Action item -
The answer must be one number: the count of lines in the data below that include "dots".

Provided data -
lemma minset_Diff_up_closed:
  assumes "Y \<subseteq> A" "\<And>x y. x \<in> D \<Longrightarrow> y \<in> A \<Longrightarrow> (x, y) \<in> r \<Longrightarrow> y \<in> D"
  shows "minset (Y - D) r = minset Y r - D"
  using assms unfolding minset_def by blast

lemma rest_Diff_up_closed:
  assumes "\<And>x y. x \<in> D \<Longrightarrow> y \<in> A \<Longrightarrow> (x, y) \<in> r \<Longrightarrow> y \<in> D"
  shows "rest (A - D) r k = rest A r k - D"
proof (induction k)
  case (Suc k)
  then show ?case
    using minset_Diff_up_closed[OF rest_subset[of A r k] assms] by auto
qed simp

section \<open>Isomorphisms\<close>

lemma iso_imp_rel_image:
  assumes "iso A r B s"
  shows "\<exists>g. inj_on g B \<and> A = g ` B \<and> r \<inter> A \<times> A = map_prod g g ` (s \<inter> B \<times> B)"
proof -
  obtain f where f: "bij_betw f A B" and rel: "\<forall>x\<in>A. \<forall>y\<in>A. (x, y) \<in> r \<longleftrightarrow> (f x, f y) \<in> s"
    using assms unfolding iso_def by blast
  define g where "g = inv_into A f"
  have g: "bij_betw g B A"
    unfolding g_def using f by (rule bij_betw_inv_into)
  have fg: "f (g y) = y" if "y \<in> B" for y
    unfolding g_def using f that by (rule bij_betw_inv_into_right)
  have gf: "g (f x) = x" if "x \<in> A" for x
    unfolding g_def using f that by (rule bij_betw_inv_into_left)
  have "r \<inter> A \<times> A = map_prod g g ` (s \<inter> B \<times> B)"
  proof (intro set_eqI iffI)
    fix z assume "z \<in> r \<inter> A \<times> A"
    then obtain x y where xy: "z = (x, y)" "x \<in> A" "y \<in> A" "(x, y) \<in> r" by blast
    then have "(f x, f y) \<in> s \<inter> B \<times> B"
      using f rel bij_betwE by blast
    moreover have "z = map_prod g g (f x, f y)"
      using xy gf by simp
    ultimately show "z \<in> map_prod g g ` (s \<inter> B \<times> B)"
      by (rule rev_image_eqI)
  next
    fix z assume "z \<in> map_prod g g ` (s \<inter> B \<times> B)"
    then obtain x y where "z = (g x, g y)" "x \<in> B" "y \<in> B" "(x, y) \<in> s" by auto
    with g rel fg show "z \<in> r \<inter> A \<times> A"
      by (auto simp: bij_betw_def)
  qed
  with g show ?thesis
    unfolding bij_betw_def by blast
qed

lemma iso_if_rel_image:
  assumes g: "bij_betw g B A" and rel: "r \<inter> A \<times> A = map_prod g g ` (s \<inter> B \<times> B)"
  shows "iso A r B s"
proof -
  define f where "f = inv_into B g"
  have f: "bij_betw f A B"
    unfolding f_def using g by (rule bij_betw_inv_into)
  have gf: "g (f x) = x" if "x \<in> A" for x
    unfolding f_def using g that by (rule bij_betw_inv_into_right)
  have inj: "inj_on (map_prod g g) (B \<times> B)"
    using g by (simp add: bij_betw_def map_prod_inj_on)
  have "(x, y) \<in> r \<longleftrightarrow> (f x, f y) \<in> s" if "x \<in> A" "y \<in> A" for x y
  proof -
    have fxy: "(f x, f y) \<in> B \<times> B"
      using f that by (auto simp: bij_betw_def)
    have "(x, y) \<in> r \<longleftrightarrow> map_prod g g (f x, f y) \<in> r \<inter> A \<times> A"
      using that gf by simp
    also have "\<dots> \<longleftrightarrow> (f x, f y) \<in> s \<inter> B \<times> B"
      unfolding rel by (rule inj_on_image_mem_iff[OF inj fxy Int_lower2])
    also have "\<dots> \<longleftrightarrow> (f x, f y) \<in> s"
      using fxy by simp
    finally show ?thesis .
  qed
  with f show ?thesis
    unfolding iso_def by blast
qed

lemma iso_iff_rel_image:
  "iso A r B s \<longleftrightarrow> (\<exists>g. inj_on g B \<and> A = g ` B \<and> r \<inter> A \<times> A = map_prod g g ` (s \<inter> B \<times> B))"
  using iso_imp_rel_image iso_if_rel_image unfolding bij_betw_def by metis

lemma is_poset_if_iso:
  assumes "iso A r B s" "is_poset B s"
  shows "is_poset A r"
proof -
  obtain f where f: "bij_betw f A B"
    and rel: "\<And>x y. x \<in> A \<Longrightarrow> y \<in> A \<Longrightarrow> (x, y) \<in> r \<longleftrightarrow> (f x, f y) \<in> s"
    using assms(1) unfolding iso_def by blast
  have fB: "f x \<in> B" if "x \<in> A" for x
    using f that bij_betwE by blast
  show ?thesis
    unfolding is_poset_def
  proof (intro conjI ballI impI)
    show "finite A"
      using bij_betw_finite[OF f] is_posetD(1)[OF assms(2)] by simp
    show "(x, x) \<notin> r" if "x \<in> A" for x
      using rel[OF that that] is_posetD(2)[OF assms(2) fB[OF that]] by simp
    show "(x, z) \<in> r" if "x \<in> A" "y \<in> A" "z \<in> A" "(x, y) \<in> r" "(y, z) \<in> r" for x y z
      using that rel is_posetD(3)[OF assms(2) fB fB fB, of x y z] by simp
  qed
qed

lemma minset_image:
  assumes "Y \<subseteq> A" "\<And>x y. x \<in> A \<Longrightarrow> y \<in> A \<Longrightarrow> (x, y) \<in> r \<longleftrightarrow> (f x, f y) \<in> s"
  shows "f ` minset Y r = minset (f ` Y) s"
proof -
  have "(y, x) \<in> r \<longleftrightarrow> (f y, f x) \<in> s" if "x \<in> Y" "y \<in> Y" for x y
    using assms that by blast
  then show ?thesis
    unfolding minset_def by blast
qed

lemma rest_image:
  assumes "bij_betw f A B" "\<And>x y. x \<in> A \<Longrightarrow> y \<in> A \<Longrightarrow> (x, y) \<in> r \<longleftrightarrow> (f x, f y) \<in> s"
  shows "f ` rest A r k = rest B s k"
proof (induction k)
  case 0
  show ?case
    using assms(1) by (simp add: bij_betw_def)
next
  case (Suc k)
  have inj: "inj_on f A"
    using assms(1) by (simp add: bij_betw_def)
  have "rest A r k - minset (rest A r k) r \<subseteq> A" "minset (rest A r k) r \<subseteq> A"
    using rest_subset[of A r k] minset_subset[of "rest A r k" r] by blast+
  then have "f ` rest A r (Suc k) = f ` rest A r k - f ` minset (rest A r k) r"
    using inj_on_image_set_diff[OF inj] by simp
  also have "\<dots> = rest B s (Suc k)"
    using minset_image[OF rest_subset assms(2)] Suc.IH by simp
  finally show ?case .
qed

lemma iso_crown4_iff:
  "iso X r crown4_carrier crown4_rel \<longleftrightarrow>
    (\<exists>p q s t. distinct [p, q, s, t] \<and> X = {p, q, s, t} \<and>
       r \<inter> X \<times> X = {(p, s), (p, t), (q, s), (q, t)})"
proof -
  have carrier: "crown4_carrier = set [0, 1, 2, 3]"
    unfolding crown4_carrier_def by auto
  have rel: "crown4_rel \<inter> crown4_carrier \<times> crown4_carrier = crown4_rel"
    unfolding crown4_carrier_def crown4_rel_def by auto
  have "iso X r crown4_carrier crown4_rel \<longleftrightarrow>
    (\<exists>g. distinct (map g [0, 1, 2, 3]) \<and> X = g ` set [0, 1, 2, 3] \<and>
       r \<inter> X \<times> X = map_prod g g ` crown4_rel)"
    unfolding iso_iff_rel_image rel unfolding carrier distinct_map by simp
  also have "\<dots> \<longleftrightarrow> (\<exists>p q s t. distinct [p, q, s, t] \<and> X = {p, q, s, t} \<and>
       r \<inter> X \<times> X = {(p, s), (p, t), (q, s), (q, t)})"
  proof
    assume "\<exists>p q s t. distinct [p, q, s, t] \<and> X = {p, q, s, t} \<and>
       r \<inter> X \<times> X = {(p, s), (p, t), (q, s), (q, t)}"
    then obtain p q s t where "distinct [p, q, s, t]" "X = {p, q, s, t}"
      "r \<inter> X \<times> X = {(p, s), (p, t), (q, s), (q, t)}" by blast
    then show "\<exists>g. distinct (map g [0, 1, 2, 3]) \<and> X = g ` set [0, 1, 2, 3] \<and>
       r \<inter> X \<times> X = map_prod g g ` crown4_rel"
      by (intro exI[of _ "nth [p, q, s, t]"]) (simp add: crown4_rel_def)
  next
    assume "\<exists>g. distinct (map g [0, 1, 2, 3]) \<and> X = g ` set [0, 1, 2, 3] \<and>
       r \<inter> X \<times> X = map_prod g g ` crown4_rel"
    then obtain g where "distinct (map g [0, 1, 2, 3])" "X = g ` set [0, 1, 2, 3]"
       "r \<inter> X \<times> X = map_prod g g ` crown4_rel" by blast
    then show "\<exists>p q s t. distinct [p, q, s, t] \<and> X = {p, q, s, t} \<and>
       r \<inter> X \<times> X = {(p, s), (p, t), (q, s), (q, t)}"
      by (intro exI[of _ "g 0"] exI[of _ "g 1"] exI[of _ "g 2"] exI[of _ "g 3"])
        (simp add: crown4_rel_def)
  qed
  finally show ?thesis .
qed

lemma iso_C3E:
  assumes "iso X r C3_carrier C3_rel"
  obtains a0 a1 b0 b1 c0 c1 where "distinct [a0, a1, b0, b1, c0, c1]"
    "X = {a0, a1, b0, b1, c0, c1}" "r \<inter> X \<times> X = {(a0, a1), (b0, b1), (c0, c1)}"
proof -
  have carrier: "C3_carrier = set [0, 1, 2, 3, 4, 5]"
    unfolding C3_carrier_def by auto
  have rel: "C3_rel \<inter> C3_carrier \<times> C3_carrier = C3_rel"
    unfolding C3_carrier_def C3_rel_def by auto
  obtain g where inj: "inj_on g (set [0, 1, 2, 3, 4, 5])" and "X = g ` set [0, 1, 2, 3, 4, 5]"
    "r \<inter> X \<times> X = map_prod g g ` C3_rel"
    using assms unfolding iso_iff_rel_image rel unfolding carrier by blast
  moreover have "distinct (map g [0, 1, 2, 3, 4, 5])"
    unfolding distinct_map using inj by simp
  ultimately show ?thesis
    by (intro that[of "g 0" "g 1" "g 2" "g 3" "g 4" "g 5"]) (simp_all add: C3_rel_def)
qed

Exercise solution -
4